A few moments later, the two speakers sweep into the room. They are dressed in waistcoats, knee breeches and stockings, hair held back by ribbon at the napes of their necks. They greet each other with the congeniality of old friends—friends who have been through good and bad times, through the founding of a nation.

This is “John Adams, Thomas Jefferson and the American Dialogue.” Presented for the first time in July 2015, it is part of the popular form of 'historic interpreter' CLE seminars from the New Jersey Institute for Continuing Legal Education (NJICLE). The seminars feature actors in historic roles delivering first-person performances. Scarinci, a partner at Scarinci Hollenbeck, often serves as moderator.

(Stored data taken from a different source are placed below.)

lemma eventually_measure_bad_event_less:
  assumes "\<eta> > 0"
  shows "eventually (\<lambda>n. measure M (bad_event n) < \<eta>) sequentially"
proof -
  define s where "s = C2 * (r + 1) + 1"
  have "C2 * (r + 1) > 0"
    using C2_pos r_pos by simp
  then have "s > 0"
    unfolding s_def by linarith
  obtain \<delta>' where \<delta>': "0 < \<delta>'" "\<delta>' < 1"
    and osc: "eventually (\<lambda>n. measure M (osc_event s \<delta>' n) < \<eta> / 2) sequentially"
    using osc_event_small[of "\<eta> / 2" s 1] assms \<open>s > 0\<close> by auto
  define \<delta> where "\<delta> = min (min (\<delta>' / (6 * C2)) (du / 2)) (1 / 2)"
  have "\<delta> \<le> \<delta>' / (6 * C2)"
    by (simp add: \<delta>_def)
  then have \<delta>: "0 < \<delta>" "\<delta> \<le> 1 / 2" "2 * \<delta> \<le> du" "6 * C2 * \<delta> \<le> \<delta>'"
    using \<delta>'(1) du_pos C2_pos by (auto simp: \<delta>_def pos_le_divide_eq mult.commute)
  obtain Z where Z: "Z \<subseteq> F \<inter> cball \<rho> r" "finite Z" "F \<inter> cball \<rho> r \<subseteq> (\<Union>z\<in>Z. ball z \<delta>)"
  proof -
    have "F \<inter> cball \<rho> r \<subseteq> (\<Union>z\<in>F \<inter> cball \<rho> r. ball z \<delta>)"
      using \<delta>(1) by auto
    then show thesis
      using compactE_image[OF F_compact[OF r_pos], of "F \<inter> cball \<rho> r" "\<lambda>z. ball z \<delta>"] that by blast
  qed
  define c where "c = min (1 / 2) (\<epsilon> / (20 * (Qm + 1)))"
  have "c > 0"
    using eps_pos Qm_nonneg by (simp add: c_def)
  have net: "eventually (\<lambda>n. (\<Sum>z\<in>Z. measure M (volume_event z \<delta> c n)
      + measure M (walk_event z \<delta> (\<epsilon> / 20) n)) < \<eta> / 2) sequentially"
    using Z(1) \<delta>(1) \<open>c > 0\<close> eps_pos assms by (intro order_tendstoD(2)[OF net_events_tendsto_0]) auto
  from osc net eventually_scales[OF \<delta>'(1)] eventually_nearest_vertex_close[OF \<delta>(1)]
    eventually_ge_at_top[of "max 1 n0"]
  show ?thesis
  proof eventually_elim
    case (elim n)
    have "bad_event n \<subseteq> osc_event s \<delta>' n \<union> (\<Union>z\<in>Z. volume_event z \<delta> c n \<union> walk_event z \<delta> (\<epsilon> / 20) n)"
      unfolding s_def c_def using elim
      by (intro bad_event_subset[OF \<delta> less_imp_le[OF \<delta>'(2)] Z(1,3)]) auto
    then have "measure M (bad_event n) \<le> measure M (osc_event s \<delta>' n)
        + (\<Sum>z\<in>Z. measure M (volume_event z \<delta> c n) + measure M (walk_event z \<delta> (\<epsilon> / 20) n))"
      using Z(2) elim(5) by (intro measure_le_sum_of_cover sets_osc_event sets_volume_event sets_walk_event) auto
    with elim(1,2) show ?case
      by linarith
  qed
qed

end

lemma measure_bad_event_tendsto_0: "(\<lambda>n. measure M (bad_event n)) \<longlonglongrightarrow> 0"
proof -
  let ?K = "F \<inter> cball \<rho> (r + 1)"
  have "compact ?K"
    using F_compact r_pos by simp
  have cont: "continuous_on ({a..b + 1} \<times> ?K) (\<lambda>(t, x). q t x)"
    using a_pos by (intro continuous_on_subset[OF q_cont]) auto
  have "\<epsilon> / 10 > 0"
    using eps_pos by simp
  obtain du where "du > 0"
    and du: "\<And>t t' x y. t \<in> {a..b + 1} \<Longrightarrow> t' \<in> {a..b + 1} \<Longrightarrow> x \<in> ?K \<Longrightarrow> y \<in> ?K \<Longrightarrow>
        \<bar>t - t'\<bar> < du \<Longrightarrow> dist x y < du \<Longrightarrow> \<bar>q t x - q t' y\<bar> < \<epsilon> / 10"
    using uniform_modulus_on_compact[OF \<open>compact ?K\<close> cont \<open>\<epsilon> / 10 > 0\<close>] by blast
  obtain Qm where "Qm \<ge> 0" and Qm: "\<And>t x. t \<in> {a..b + 1} \<Longrightarrow> x \<in> ?K \<Longrightarrow> \<bar>q t x\<bar> \<le> Qm"
    using bound_on_compact[OF \<open>compact ?K\<close> cont] by blast
  obtain \<alpha>' c2 n0 where \<alpha>': "\<And>n. \<alpha>' n \<ge> 0" "\<alpha>' \<in> o(\<alpha>)"
    and c2: "\<And>n x y. n \<ge> n0 \<Longrightarrow> x \<in> V n \<inter> ball \<rho> (r + 1) \<Longrightarrow> y \<in> V n \<inter> ball \<rho> (r + 1) \<Longrightarrow>
        gdist (V n) (Ed n) x y \<le> c2 * \<alpha> n * dist x y + \<alpha>' n"
    using A1R_a2 r_pos by (metis add_pos_pos zero_less_one)
  have gdist: "gdist (V n) (Ed n) x y \<le> max c2 1 * \<alpha> n * dist x y + \<alpha>' n"
    if "n \<ge> n0" "x \<in> V n \<inter> ball \<rho> (r + 1)" "y \<in> V n \<inter> ball \<rho> (r + 1)" for n x y
  proof -
    have "c2 * \<alpha> n * dist x y \<le> max c2 1 * \<alpha> n * dist x y"
      using alpha_nonneg[of n] by (intro mult_right_mono) auto
    then show ?thesis
      using c2[OF that] by linarith
  qed
  have "eventually (\<lambda>n. measure M (bad_event n) < \<eta>) sequentially" if "\<eta> > 0" for \<eta>
    by (rule eventually_measure_bad_event_less[OF \<open>du > 0\<close> du \<open>Qm \<ge> 0\<close> Qm _ gdist \<alpha>' that]) auto
  then show ?thesis
    by (intro order_tendstoI) (auto intro: always_eventually less_le_trans[OF _ measure_nonneg])
qed

end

In the last three years, NJICLE—the educational arm of the New Jersey State Bar Association—has presented a number of ripped-from-the-history-books luminaries, including Jefferson, Adams, Benjamin Franklin, John Marshall, James Madison and Theodore Roosevelt. On Feb. 16, Eleanor and Franklin Roosevelt will make their first trip to the Law Center for “Eleanor, Franklin and the Re-thinking of America.”

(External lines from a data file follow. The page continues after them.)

lemma (in group) generate_imp_word_prod:
  assumes "Y \<subseteq> carrier G" "\<And>y. y \<in> Y \<Longrightarrow> inv y \<in> Y" "g \<in> generate G Y"
  shows "\<exists>ws. set ws \<subseteq> Y \<and> word_prod G ws = g"
  using assms(3)
proof (induction g rule: generate.induct)
  case one
  show ?case by (rule exI[of _ "[]"]) simp
next
  case (incl h)
  then show ?case using assms(1) by (intro exI[of _ "[h]"]) auto
next
  case (inv h)
  then show ?case using assms by (intro exI[of _ "[inv h]"]) auto
next
  case (eng h1 h2)
  then obtain ws vs where "set ws \<subseteq> Y" "word_prod G ws = h1" "set vs \<subseteq> Y" "word_prod G vs = h2"
    by blast
  then show ?case using assms(1) by (intro exI[of _ "ws @ vs"]) (auto simp: word_prod_append)
qed

lemma (in group) sub_index_centralizer_in_word_prod_le:
  assumes "subgroup K G" "finite K" "Y \<subseteq> carrier G"
    and "\<And>y. y \<in> Y \<Longrightarrow> real (sub_index G K (centralizer_in G K y)) \<le> c"
    and "set ws \<subseteq> Y"
  shows "real (sub_index G K (centralizer_in G K (word_prod G ws))) \<le> c ^ length ws"
  using assms(5)
proof (induction ws)
  case Nil
  have "card K > 0" using assms(2) subgroup.one_closed[OF assms(1)] card_gt_0_iff by blast
  then have "sub_index G K K = 1" using sub_index_mult_card[OF assms(1) assms(1)] by simp
  then show ?case using centralizer_in_one[OF subgroup.subset[OF assms(1)]] by simp
next
  case (Cons a ws)
  let ?idx = "\<lambda>x. real (sub_index G K (centralizer_in G K x))"
  have "a \<in> carrier G" "word_prod G ws \<in> carrier G"
    using Cons.prems assms(3) by (auto intro: word_prod_closed)
  then have "?idx (word_prod G (a # ws)) \<le> ?idx a * ?idx (word_prod G ws)"
    using sub_index_centralizer_in_mult_le[OF assms(1,2)] by (simp flip: of_nat_mult)
  also have "\<dots> \<le> c * c ^ length ws"
    using Cons assms(4) by (intro mult_mono) (auto intro: order_trans[OF of_nat_0_le_iff])
  finally show ?case by simp
qed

“We don't need to make educational seminars tedious and boring,” said Scarinci. “They can be entertaining, alive and fun.”

Scarinci said NJICLE staff approached him with the historic interpreter idea in 2015. He took to it immediately. “I love doing these things,” he said, noting he puts countless hours into creating the materials that accompany the programs and then rehearsing with the actors. “I give it the focus to be meaningful and instructive for lawyers.”

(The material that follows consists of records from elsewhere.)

lemma Lp_tendsto_L1:
  fixes f :: "nat \<Rightarrow> 'b \<Rightarrow> 'c::{banach, second_countable_topology}"
  assumes M: "finite_measure M" and p: "1 \<le> p" and f: "Lp_tendsto M p f g"
  shows "(\<lambda>k. \<integral>x. norm (f k x - g x) \<partial>M) \<longlonglongrightarrow> 0"
proof (rule LIMSEQ_I)
  fix r :: real assume r: "0 < r"
  define \<mu> where "\<mu> = measure M (space M)"
  define e where "e = r / (2 * (\<mu> + 1))"
  have "0 \<le> \<mu>" unfolding \<mu>_def by simp
  then have e: "0 < e" "e * \<mu> < r / 2"
    using r unfolding e_def by (simp_all add: field_simps)
  have L: "Lp M p (\<lambda>x. f k x - g x)" for k using f unfolding Lp_tendsto_def by blast
  have lim: "(\<lambda>k. \<integral>x. norm (f k x - g x) powr p \<partial>M) \<longlonglongrightarrow> 0"
    using f unfolding Lp_tendsto_def by blast
  have "0 < r / 2 / e powr (1 - p)" using r e by simp
  from LIMSEQ_D[OF lim this] obtain N
    where N: "\<And>k. N \<le> k \<Longrightarrow> norm ((\<integral>x. norm (f k x - g x) powr p \<partial>M) - 0) < r / 2 / e powr (1 - p)"
    by blast
  show "\<exists>N. \<forall>k\<ge>N. norm ((\<integral>x. norm (f k x - g x) \<partial>M) - 0) < r"
  proof (intro exI allI impI)
    fix k assume k: "N \<le> k"
    have i: "integrable M (\<lambda>x. norm (f k x - g x) powr p)" using L unfolding Lp_def by blast
    have "(\<integral>x. norm (f k x - g x) \<partial>M) \<le> (\<integral>x. e + e powr (1 - p) * norm (f k x - g x) powr p \<partial>M)"
      using integrable_Lp[OF M p L] i finite_measure.integrable_const[OF M] le_add_powr e(1) p
      by (intro integral_mono Bochner_Integration.integrable_add integrable_mult_right) auto
    also have "\<dots> = e * \<mu> + e powr (1 - p) * (\<integral>x. norm (f k x - g x) powr p \<partial>M)"
      using i finite_measure.integrable_const[OF M]
      by (subst Bochner_Integration.integral_add) (auto simp: \<mu>_def mult.commute)
    also have "\<dots> < r"
      using e N[OF k] by (simp add: field_simps)
    finally show "norm ((\<integral>x. norm (f k x - g x) \<partial>M) - 0) < r" by simp
  qed
qed

lemma Lp_tendsto_integral_mult:
  fixes f :: "nat \<Rightarrow> 'b \<Rightarrow> real"
  assumes M: "finite_measure M" and p: "1 \<le> p" and f: "Lp_tendsto M p f g" and g: "Lp M p g"
    and b: "b \<in> borel_measurable M" "\<And>x. \<bar>b x\<bar> \<le> B"
  shows "(\<lambda>k. \<integral>x. f k x * b x \<partial>M) \<longlonglongrightarrow> (\<integral>x. g x * b x \<partial>M)"
proof -
  have L: "Lp M p (\<lambda>x. f k x - g x)" for k using f unfolding Lp_tendsto_def by blast
  have split: "(\<integral>x. f k x * b x \<partial>M) = (\<integral>x. (f k x - g x) * b x \<partial>M) + (\<integral>x. g x * b x \<partial>M)" for k
    using integrable_Lp_mult_bounded[OF M p L b] integrable_Lp_mult_bounded[OF M p g b]
    by (simp flip: Bochner_Integration.integral_add add: algebra_simps)
  have "(\<lambda>k. \<integral>x. (f k x - g x) * b x \<partial>M) \<longlonglongrightarrow> 0"
  proof (rule Lim_null_comparison)
    show "(\<lambda>k. B * (\<integral>x. norm (f k x - g x) \<partial>M)) \<longlonglongrightarrow> 0"
      using tendsto_mult_right_zero[OF Lp_tendsto_L1[OF M p f]] .
    have "norm (\<integral>x. (f k x - g x) * b x \<partial>M) \<le> B * (\<integral>x. norm (f k x - g x) \<partial>M)" for k
    proof -
      have "norm (\<integral>x. (f k x - g x) * b x \<partial>M) \<le> (\<integral>x. norm ((f k x - g x) * b x) \<partial>M)"
        by (rule integral_norm_bound)
      also have "\<dots> \<le> (\<integral>x. B * norm (f k x - g x) \<partial>M)"
      proof (rule integral_mono)
        show "norm ((f k x - g x) * b x) \<le> B * norm (f k x - g x)" for x
          using b(2)[of x] by (simp add: abs_mult mult.commute mult_right_mono)
      qed (use integrable_norm[OF integrable_Lp_mult_bounded[OF M p L b]] integrable_Lp[OF M p L] in auto)
      finally show ?thesis by simp
    qed
    then show "\<forall>\<^sub>F k in sequentially. norm (\<integral>x. (f k x - g x) * b x \<partial>M) \<le> B * (\<integral>x. norm (f k x - g x) \<partial>M)"
      by simp
  qed
  from tendsto_add[OF this tendsto_const] show ?thesis unfolding split by simp
qed

lemma Lp_tendsto_inner_Basis:
  fixes f :: "nat \<Rightarrow> 'b \<Rightarrow> 'a::euclidean_space"
  assumes "Lp_tendsto M p f g" "i \<in> Basis" "0 < p"
  shows "Lp_tendsto M p (\<lambda>k x. f k x \<bullet> i) (\<lambda>x. g x \<bullet> i)"
proof (rule Lp_tendsto_compare[OF assms(1,3), of 1])
  fix k
  have [measurable]: "(\<lambda>x. f k x - g x) \<in> borel_measurable M"
    using assms(1) unfolding Lp_tendsto_def Lp_def by blast
  have "(\<lambda>x. (f k x - g x) \<bullet> i) \<in> borel_measurable M" by measurable
  then show "(\<lambda>x. f k x \<bullet> i - g x \<bullet> i) \<in> borel_measurable M" by (simp add: inner_diff_left)
  show "norm (f k x \<bullet> i - g x \<bullet> i) \<le> 1 * norm (f k x - g x)" for x
    using Basis_le_norm[OF assms(2), of "f k x - g x"] by (simp add: inner_diff_left)
qed simp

Often, history reveals patterns, themes and parallels to modern-day conflicts, Scarinci said. The programs also allow attorneys to gain insight into legal theory, ideas like strict constructionism and minimalism, and how they have been interpreted since America's earliest days.

“Instead of just reading about it in a judicial review, they're hearing the actual debate that went into Marbury v. Madison…it gives their understanding of the law a greater depth,” Scarinci said. “When they have a deeper understanding of the law, they can apply that in their handling of everyday cases.”

The seminars have become so popular that Scarinci and the actors have been invited to present CLE programs in other states. “We've taken the show on the road,” he said.

Steven Edenbo is the Philadelphia actor who has played Thomas Jefferson in all of the NJICLE programs that have featured that founding father. In fact, that's all Edenbo does; he travels the country playing Thomas Jefferson full time.

Working through the nonprofit American Historical Theatre, Edenbo has performed before a wide array of audiences, from middle-school students to visitors at historical sites to leadership presentations for corporate clients.

After 18 years of playing Jefferson, he says, he's learned that while specific content may vary, the same rules apply for all presentations, whether the audience members are eighth-graders, judges or lawyers: You can't tell people why they are supposed to care. You have to show them, to make the historical figures real and human.

“If we do our job, if we succeed, I hope they walk out with a feeling not only that these guys and women who are giants to us, these titans and sometimes villains, they're humans…If we do it right, they're no longer statues, they become colleagues,” he said.